The ScxAP and ScxGFP transgenic animals continue to express the two markers at high levels at later stages of development, robustly highlighting the formation of all tendons, ligaments, and other connective tissue attachments between skeletal elements and between the skeletal elements and the muscles. For example, in the cranial region, ScxGFP clearly outlines the head tendons at E18.5 (Fig. 2D) as well as the connective tissue between the unfused embryonic cranial sutures (Fig. 2E). Similarly, the tendinous layer connecting the ribs to the intercostal muscles is easily visualized both in whole embryo specimens (not shown) and in sections at E18.5 (Fig. 2F). In the tail, the ScxGFP reporter displays the transformation of the syndetome as the progenitors start to form tendons (Fig. 2G). The transgene signal persists after birth and continues to highlight both the long tendons in the tail and the ligaments between the tail bones, the annulus fibrosis, in 3-week-old mice (Fig. 2H). All ligaments are easily visualized in ScxGFP embryos, as seen by examination of the anterior and medial cruciate ligaments of the knee shown at E18.5 (Fig. 2I).

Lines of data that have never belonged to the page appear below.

(* Let $R,R',R''$ be Hecke symmetries with the same parameter $q$ on finite dimensional spaces $V,V',V''$. Suppose that for each $n>1$ every indecomposable direct summand of the $\mathcal H_n$-module $V'^{\otimes n}$ is isomorphic to a direct summand of the $\mathcal H_n$-module $V^{\otimes n}$. Then the algebra homomorphism $\Delta_{R',R,R''}$ gives an isomorphism of algebras $A(R',R'')\cong A(R',R)\,\square_{A(R)}\,A(R,R'')$.
   Context: A Hecke symmetry with parameter $0\neq q\in\Bbbk$ on $V$ is an operator $R$ on $V\otimes V$ with $(R+\mathrm{id})(R-q\,\mathrm{id})=0$ and the braid relation; $V^{\otimes n}$ becomes an $\mathcal H_n(q)$-module with $T_i$ acting by $R$ on positions $i,i+1$. For Hecke symmetries $R_1,R_2$ (same $q$) on $W_1,W_2$, $A(R_2,R_1)$ is the quotient of $\mathbb T(W_2^*\otimes W_1)$ by the ideal generated by $\operatorname{Im}(\mathcal R-\mathrm{id})$, where $\mathcal R$ corresponds to $(R_2^* )^{-1}\otimes R_1$ under $(W_2^*\otimes W_1)^{\otimes2}\cong(W_2^* )^{\otimes2}\otimes W_1^{\otimes2}$ ($R_2^*$ the adjoint of $R_2$); one has $A_n(R_2,R_1)\cong\operatorname{Hom}_{\mathcal H_n}(W_1^{\otimes n},W_2^{\otimes n})^*$. $A(R)=A(R,R)$. The map $\Delta_{R',R,R''}:A(R',R'')\to A(R',R)\otimes A(R,R'')$ is defined in each degree $n$ as the map dual to composition $\operatorname{Hom}_{\mathcal H_n}(V^{\otimes n},V'^{\otimes n})\otimes\operatorname{Hom}_{\mathcal H_n}(V''^{\otimes n},V^{\otimes n})\to\operatorname{Hom}_{\mathcal H_n}(V''^{\otimes n},V'^{\otimes n})$; it is an algebra homomorphism, $A(R)$ is a bialgebra with comultiplication $\Delta_{R,R,R}$, and $A(R',R)$, $A(R,R'')$ are a right, resp. left, $A(R)$-comodule via $\Delta_{R',R,R}$, resp. $\Delta_{R,R,R''}$. For a coalgebra $C$, right comodule $X$ (coaction $\rho$) and left comodule $Y$ (coaction $\lambda$), the cotensor product $X\square_CY$ is the kernel of $\rho\otimes\mathrm{id}-\mathrm{id}\otimes\lambda:X\otimes Y\to X\otimes C\otimes Y$. *)

theory Defs
  imports Main
begin

text \<open>Concrete coordinates: a finite dimensional space V is k^d with basis x_0..x_(d-1).
  V^(tensor n) is the space of functions on words of length n over {..<d}
  (vanishing outside these words). A Hecke symmetry R on V is given by its matrix:
  R(x_c tensor x_e) = sum over a,b of R a b c e times x_a tensor x_b.\<close>

definition words :: "nat \<Rightarrow> nat \<Rightarrow> nat list set" where
  "words d n = {w. length w = n \<and> set w \<subseteq> {..<d}}"

definition tspace :: "nat \<Rightarrow> nat \<Rightarrow> (nat list \<Rightarrow> 'k::zero) set" where
  "tspace d n = {v. \<forall>w. w \<notin> words d n \<longrightarrow> v w = 0}"

definition Rop :: "(nat \<Rightarrow> nat \<Rightarrow> nat \<Rightarrow> nat \<Rightarrow> 'k::comm_ring_1) \<Rightarrow> nat \<Rightarrow> nat \<Rightarrow> nat
    \<Rightarrow> (nat list \<Rightarrow> 'k) \<Rightarrow> nat list \<Rightarrow> 'k" where
  "Rop R d n i v = (\<lambda>w. if w \<in> words d n then
       (\<Sum>c<d. \<Sum>e<d. R (w!i) (w!Suc i) c e * v (w[i := c, Suc i := e])) else 0)"

definition hecke_symmetry :: "'k::field \<Rightarrow> nat \<Rightarrow> (nat \<Rightarrow> nat \<Rightarrow> nat \<Rightarrow> nat \<Rightarrow> 'k) \<Rightarrow> bool" where
  "hecke_symmetry q d R \<longleftrightarrow> q \<noteq> 0
     \<and> (\<forall>v\<in>tspace d 2. Rop R d 2 0 (Rop R d 2 0 v) = (\<lambda>w. (q - 1) * Rop R d 2 0 v w + q * v w))
     \<and> (\<forall>v\<in>tspace d 3. Rop R d 3 0 (Rop R d 3 1 (Rop R d 3 0 v))
                       = Rop R d 3 1 (Rop R d 3 0 (Rop R d 3 1 v)))"

text \<open>H_n-submodules of V^(tensor n): subspaces stable under all T_i (the T_i generate H_n).\<close>
definition hsubmod :: "(nat \<Rightarrow> nat \<Rightarrow> nat \<Rightarrow> nat \<Rightarrow> 'k::field) \<Rightarrow> nat \<Rightarrow> nat \<Rightarrow> (nat list \<Rightarrow> 'k) set \<Rightarrow> bool" where
  "hsubmod R d n U \<longleftrightarrow> U \<subseteq> tspace d n \<and> (\<lambda>w. 0) \<in> U
     \<and> (\<forall>u\<in>U. \<forall>v\<in>U. (\<lambda>w. u w + v w) \<in> U)
     \<and> (\<forall>c. \<forall>u\<in>U. (\<lambda>w. c * u w) \<in> U)
     \<and> (\<forall>i. Suc i < n \<longrightarrow> (\<forall>u\<in>U. Rop R d n i u \<in> U))"

definition hsummand :: "(nat \<Rightarrow> nat \<Rightarrow> nat \<Rightarrow> nat \<Rightarrow> 'k::field) \<Rightarrow> nat \<Rightarrow> nat \<Rightarrow> (nat list \<Rightarrow> 'k) set \<Rightarrow> bool" where
  "hsummand R d n U \<longleftrightarrow> hsubmod R d n U \<and>
     (\<exists>U'. hsubmod R d n U' \<and> U \<inter> U' = {\<lambda>w. 0}
        \<and> (\<forall>v\<in>tspace d n. \<exists>u\<in>U. \<exists>u'\<in>U'. v = (\<lambda>w. u w + u' w)))"

definition hindec :: "(nat \<Rightarrow> nat \<Rightarrow> nat \<Rightarrow> nat \<Rightarrow> 'k::field) \<Rightarrow> nat \<Rightarrow> nat \<Rightarrow> (nat list \<Rightarrow> 'k) set \<Rightarrow> bool" where
  "hindec R d n U \<longleftrightarrow> U \<noteq> {\<lambda>w. 0} \<and>
     \<not> (\<exists>U1 U2. hsubmod R d n U1 \<and> hsubmod R d n U2 \<and> U1 \<subseteq> U \<and> U2 \<subseteq> U
          \<and> U1 \<noteq> {\<lambda>w. 0} \<and> U2 \<noteq> {\<lambda>w. 0} \<and> U1 \<inter> U2 = {\<lambda>w. 0}
          \<and> (\<forall>u\<in>U. \<exists>u1\<in>U1. \<exists>u2\<in>U2. u = (\<lambda>w. u1 w + u2 w)))"

definition hiso :: "(nat \<Rightarrow> nat \<Rightarrow> nat \<Rightarrow> nat \<Rightarrow> 'k::field) \<Rightarrow> nat \<Rightarrow> nat \<Rightarrow> (nat list \<Rightarrow> 'k) set
    \<Rightarrow> (nat \<Rightarrow> nat \<Rightarrow> nat \<Rightarrow> nat \<Rightarrow> 'k) \<Rightarrow> nat \<Rightarrow> (nat list \<Rightarrow> 'k) set \<Rightarrow> bool" where
  "hiso R1 d1 n U R2 d2 W \<longleftrightarrow> (\<exists>\<phi>. bij_betw \<phi> U W
     \<and> (\<forall>u\<in>U. \<forall>v\<in>U. \<phi> (\<lambda>w. u w + v w) = (\<lambda>w. \<phi> u w + \<phi> v w))
     \<and> (\<forall>c. \<forall>u\<in>U. \<phi> (\<lambda>w. c * u w) = (\<lambda>w. c * \<phi> u w))
     \<and> (\<forall>i. Suc i < n \<longrightarrow> (\<forall>u\<in>U. \<phi> (Rop R1 d1 n i u) = Rop R2 d2 n i (\<phi> u))))"

text \<open>Linear maps V1^(tensor n) -> V2^(tensor n) as matrices M w u (w output word, u input word).\<close>
definition mapply :: "nat \<Rightarrow> nat \<Rightarrow> (nat list \<Rightarrow> nat list \<Rightarrow> 'k::comm_ring_1) \<Rightarrow> (nat list \<Rightarrow> 'k) \<Rightarrow> nat list \<Rightarrow> 'k" where
  "mapply d n M v = (\<lambda>w. \<Sum>u\<in>words d n. M w u * v u)"

definition mcomp :: "nat \<Rightarrow> nat \<Rightarrow> (nat list \<Rightarrow> nat list \<Rightarrow> 'k::comm_ring_1)
    \<Rightarrow> (nat list \<Rightarrow> nat list \<Rightarrow> 'k) \<Rightarrow> nat list \<Rightarrow> nat list \<Rightarrow> 'k" where
  "mcomp d n M N = (\<lambda>w u. \<Sum>x\<in>words d n. M w x * N x u)"

definition HomH :: "(nat \<Rightarrow> nat \<Rightarrow> nat \<Rightarrow> nat \<Rightarrow> 'k::field) \<Rightarrow> nat
    \<Rightarrow> (nat \<Rightarrow> nat \<Rightarrow> nat \<Rightarrow> nat \<Rightarrow> 'k) \<Rightarrow> nat \<Rightarrow> nat \<Rightarrow> (nat list \<Rightarrow> nat list \<Rightarrow> 'k) set" where
  "HomH R1 d1 R2 d2 n = {M. (\<forall>w u. w \<notin> words d2 n \<or> u \<notin> words d1 n \<longrightarrow> M w u = 0)
     \<and> (\<forall>i. Suc i < n \<longrightarrow> (\<forall>v\<in>tspace d1 n.
            mapply d1 n M (Rop R1 d1 n i v) = Rop R2 d2 n i (mapply d1 n M v)))}"

definition linfun :: "(nat list \<Rightarrow> nat list \<Rightarrow> 'k::field) set \<Rightarrow> ((nat list \<Rightarrow> nat list \<Rightarrow> 'k) \<Rightarrow> 'k) \<Rightarrow> bool" where
  "linfun S \<psi> \<longleftrightarrow> (\<forall>x\<in>S. \<forall>y\<in>S. \<psi> (\<lambda>w u. x w u + y w u) = \<psi> x + \<psi> y)
     \<and> (\<forall>c. \<forall>x\<in>S. \<psi> (\<lambda>w u. c * x w u) = c * \<psi> x)"

definition bilin :: "(nat list \<Rightarrow> nat list \<Rightarrow> 'k::field) set \<Rightarrow> (nat list \<Rightarrow> nat list \<Rightarrow> 'k) set
    \<Rightarrow> ((nat list \<Rightarrow> nat list \<Rightarrow> 'k) \<Rightarrow> (nat list \<Rightarrow> nat list \<Rightarrow> 'k) \<Rightarrow> 'k) \<Rightarrow> bool" where
  "bilin S T \<Phi> \<longleftrightarrow> (\<forall>y\<in>T. linfun S (\<lambda>x. \<Phi> x y)) \<and> (\<forall>x\<in>S. linfun T (\<lambda>y. \<Phi> x y))"

text \<open>Degree n part of Delta_{R',R,R''}: dual of composition,
  psi |-> (f,h) |-> psi(f o h), elements of X^* tensor Y^* being identified with
  bilinear forms on X x Y (X,Y finite dimensional).\<close>
definition delta :: "nat \<Rightarrow> nat \<Rightarrow> ((nat list \<Rightarrow> nat list \<Rightarrow> 'k::field) \<Rightarrow> 'k)
    \<Rightarrow> (nat list \<Rightarrow> nat list \<Rightarrow> 'k) \<Rightarrow> (nat list \<Rightarrow> nat list \<Rightarrow> 'k) \<Rightarrow> 'k" where
  "delta d n \<psi> = (\<lambda>f h. \<psi> (mcomp d n f h))"

text \<open>Degree n part of the cotensor product A(R',R) cotensor_{A(R)} A(R,R''):
  bilinear forms Phi on X x Y with (rho tensor id)Phi = (id tensor lambda)Phi, i.e.
  Phi(f o g, h) = Phi(f, g o h) for all g in C = End_{H_n}(V^(tensor n)).\<close>
definition cotensor :: "nat \<Rightarrow> nat \<Rightarrow> (nat list \<Rightarrow> nat list \<Rightarrow> 'k::field) set
    \<Rightarrow> (nat list \<Rightarrow> nat list \<Rightarrow> 'k) set \<Rightarrow> (nat list \<Rightarrow> nat list \<Rightarrow> 'k) set
    \<Rightarrow> ((nat list \<Rightarrow> nat list \<Rightarrow> 'k) \<Rightarrow> (nat list \<Rightarrow> nat list \<Rightarrow> 'k) \<Rightarrow> 'k) \<Rightarrow> bool" where
  "cotensor d n X C Y \<Phi> \<longleftrightarrow> bilin X Y \<Phi>
     \<and> (\<forall>f\<in>X. \<forall>g\<in>C. \<forall>h\<in>Y. \<Phi> (mcomp d n f g) h = \<Phi> f (mcomp d n g h))"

The differences between the fluorescent signal of ScxGFP and the color reaction of ScxAP mice affect the choice of transgene to use in specific experiments. ScxAP provides better delineation and detail of expression in young embryos and soft tissues (Fig. 2A,B), while the fluorescence in ScxGFP is better suited for analysis of large tissues, precluding the need to perform any staining procedure, an advantage that is evident when evaluating the integrity of mature tendons. The robustness of the ScxGFP reporter is illustrated in dorsal and ventral views of the ScxGFP transgene in a skinned forelimb of an E18.5 embryo (Fig. 3A,B) where every tendon and ligament is strikingly displayed. The signal from the ScxGFP transgene is very strong, and analysis of these tissues can also be performed in thin sections. At high magnification of histological sections, these tools allow the tendon anatomy to be examined with cellular resolution, for example at the insertion of the patellar tendon (Fig. 3C). Moreover, combining ScxGFP or ScxAP staining with antibody detection allows the relationship between the tendons and neighboring tissues to be examined easily and in exquisite detail. For example, a histological section through the digit of an E15.5 ScxGFP embryo, counterstained with an antibody directed against myosin heavy chain, provides the possibility to follow entire tendons from their origin in the muscle and up to the skeletal insertion (Fig. 3D).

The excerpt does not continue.